**WORK TO BE COMPLETED**
Tally the lines of the material that carry the word "where". Give no more than the number.

**ENTRIES SUPPLIED**
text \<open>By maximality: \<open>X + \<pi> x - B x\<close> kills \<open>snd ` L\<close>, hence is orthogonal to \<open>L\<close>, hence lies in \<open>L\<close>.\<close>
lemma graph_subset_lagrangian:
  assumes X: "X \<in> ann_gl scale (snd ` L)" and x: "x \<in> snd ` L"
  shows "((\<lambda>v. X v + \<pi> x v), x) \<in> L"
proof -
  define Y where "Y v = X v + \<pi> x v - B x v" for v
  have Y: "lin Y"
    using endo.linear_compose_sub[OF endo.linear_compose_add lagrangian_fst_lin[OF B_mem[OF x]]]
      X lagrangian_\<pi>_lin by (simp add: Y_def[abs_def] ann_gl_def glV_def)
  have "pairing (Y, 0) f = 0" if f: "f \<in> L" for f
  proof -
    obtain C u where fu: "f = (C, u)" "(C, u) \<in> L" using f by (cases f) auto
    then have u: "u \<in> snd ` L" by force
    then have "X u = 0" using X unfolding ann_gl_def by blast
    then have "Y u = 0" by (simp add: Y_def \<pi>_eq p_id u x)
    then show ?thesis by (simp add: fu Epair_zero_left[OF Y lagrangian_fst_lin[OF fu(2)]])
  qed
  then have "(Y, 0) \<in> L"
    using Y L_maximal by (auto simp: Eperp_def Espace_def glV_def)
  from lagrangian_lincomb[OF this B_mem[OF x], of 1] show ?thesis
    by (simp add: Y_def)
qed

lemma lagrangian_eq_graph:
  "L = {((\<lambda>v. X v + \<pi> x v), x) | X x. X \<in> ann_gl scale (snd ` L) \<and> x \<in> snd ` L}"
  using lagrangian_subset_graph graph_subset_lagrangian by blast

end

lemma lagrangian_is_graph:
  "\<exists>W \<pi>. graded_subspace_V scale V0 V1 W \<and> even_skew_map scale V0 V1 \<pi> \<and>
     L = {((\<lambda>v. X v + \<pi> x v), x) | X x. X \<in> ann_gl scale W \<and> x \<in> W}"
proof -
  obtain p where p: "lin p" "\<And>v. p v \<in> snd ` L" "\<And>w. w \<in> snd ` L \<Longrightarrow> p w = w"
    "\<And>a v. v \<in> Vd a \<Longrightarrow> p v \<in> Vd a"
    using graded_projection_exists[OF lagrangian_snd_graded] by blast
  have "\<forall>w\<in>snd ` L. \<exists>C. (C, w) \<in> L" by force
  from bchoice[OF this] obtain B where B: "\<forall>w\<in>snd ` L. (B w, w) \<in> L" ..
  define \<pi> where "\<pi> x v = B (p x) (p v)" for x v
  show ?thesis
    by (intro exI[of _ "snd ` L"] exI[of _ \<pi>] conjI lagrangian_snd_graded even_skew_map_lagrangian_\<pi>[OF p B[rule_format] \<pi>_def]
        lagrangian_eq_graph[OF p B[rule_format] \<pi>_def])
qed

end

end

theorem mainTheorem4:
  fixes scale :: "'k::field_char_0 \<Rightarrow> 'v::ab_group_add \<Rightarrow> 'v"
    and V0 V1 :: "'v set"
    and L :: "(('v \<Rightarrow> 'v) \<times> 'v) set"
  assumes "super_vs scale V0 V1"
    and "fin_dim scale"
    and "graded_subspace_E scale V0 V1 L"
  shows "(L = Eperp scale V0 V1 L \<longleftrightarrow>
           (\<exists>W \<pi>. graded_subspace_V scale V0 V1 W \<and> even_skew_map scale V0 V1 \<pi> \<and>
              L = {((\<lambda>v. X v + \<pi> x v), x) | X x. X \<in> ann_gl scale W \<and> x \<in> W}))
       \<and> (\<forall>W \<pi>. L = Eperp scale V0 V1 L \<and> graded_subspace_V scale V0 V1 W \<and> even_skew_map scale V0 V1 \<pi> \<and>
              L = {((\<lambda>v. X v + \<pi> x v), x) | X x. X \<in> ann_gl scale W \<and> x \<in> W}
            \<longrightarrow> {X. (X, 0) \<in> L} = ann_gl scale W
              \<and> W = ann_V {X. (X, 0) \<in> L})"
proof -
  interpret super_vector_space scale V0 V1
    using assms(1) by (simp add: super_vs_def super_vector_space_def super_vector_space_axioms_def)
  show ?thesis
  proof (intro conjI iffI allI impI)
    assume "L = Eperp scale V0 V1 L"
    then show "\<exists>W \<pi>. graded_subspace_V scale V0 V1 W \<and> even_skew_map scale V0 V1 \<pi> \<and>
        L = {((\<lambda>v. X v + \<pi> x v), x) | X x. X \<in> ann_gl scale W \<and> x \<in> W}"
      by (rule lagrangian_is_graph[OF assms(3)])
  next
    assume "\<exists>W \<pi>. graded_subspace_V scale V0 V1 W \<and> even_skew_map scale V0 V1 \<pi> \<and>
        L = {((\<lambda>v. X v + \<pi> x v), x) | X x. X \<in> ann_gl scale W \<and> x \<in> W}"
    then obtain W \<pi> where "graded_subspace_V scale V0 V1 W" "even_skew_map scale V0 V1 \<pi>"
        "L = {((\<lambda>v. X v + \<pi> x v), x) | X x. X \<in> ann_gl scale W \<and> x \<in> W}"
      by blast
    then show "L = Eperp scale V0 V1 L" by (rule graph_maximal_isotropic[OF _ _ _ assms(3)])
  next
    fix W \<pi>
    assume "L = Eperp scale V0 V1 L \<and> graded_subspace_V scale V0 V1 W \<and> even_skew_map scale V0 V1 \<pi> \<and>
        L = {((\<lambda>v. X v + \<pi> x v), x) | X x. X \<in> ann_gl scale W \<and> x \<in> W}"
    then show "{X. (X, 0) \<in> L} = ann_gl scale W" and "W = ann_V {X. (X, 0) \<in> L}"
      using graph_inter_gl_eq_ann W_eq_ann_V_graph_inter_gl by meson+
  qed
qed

**ANSWER TO THIS EXERCISE**
6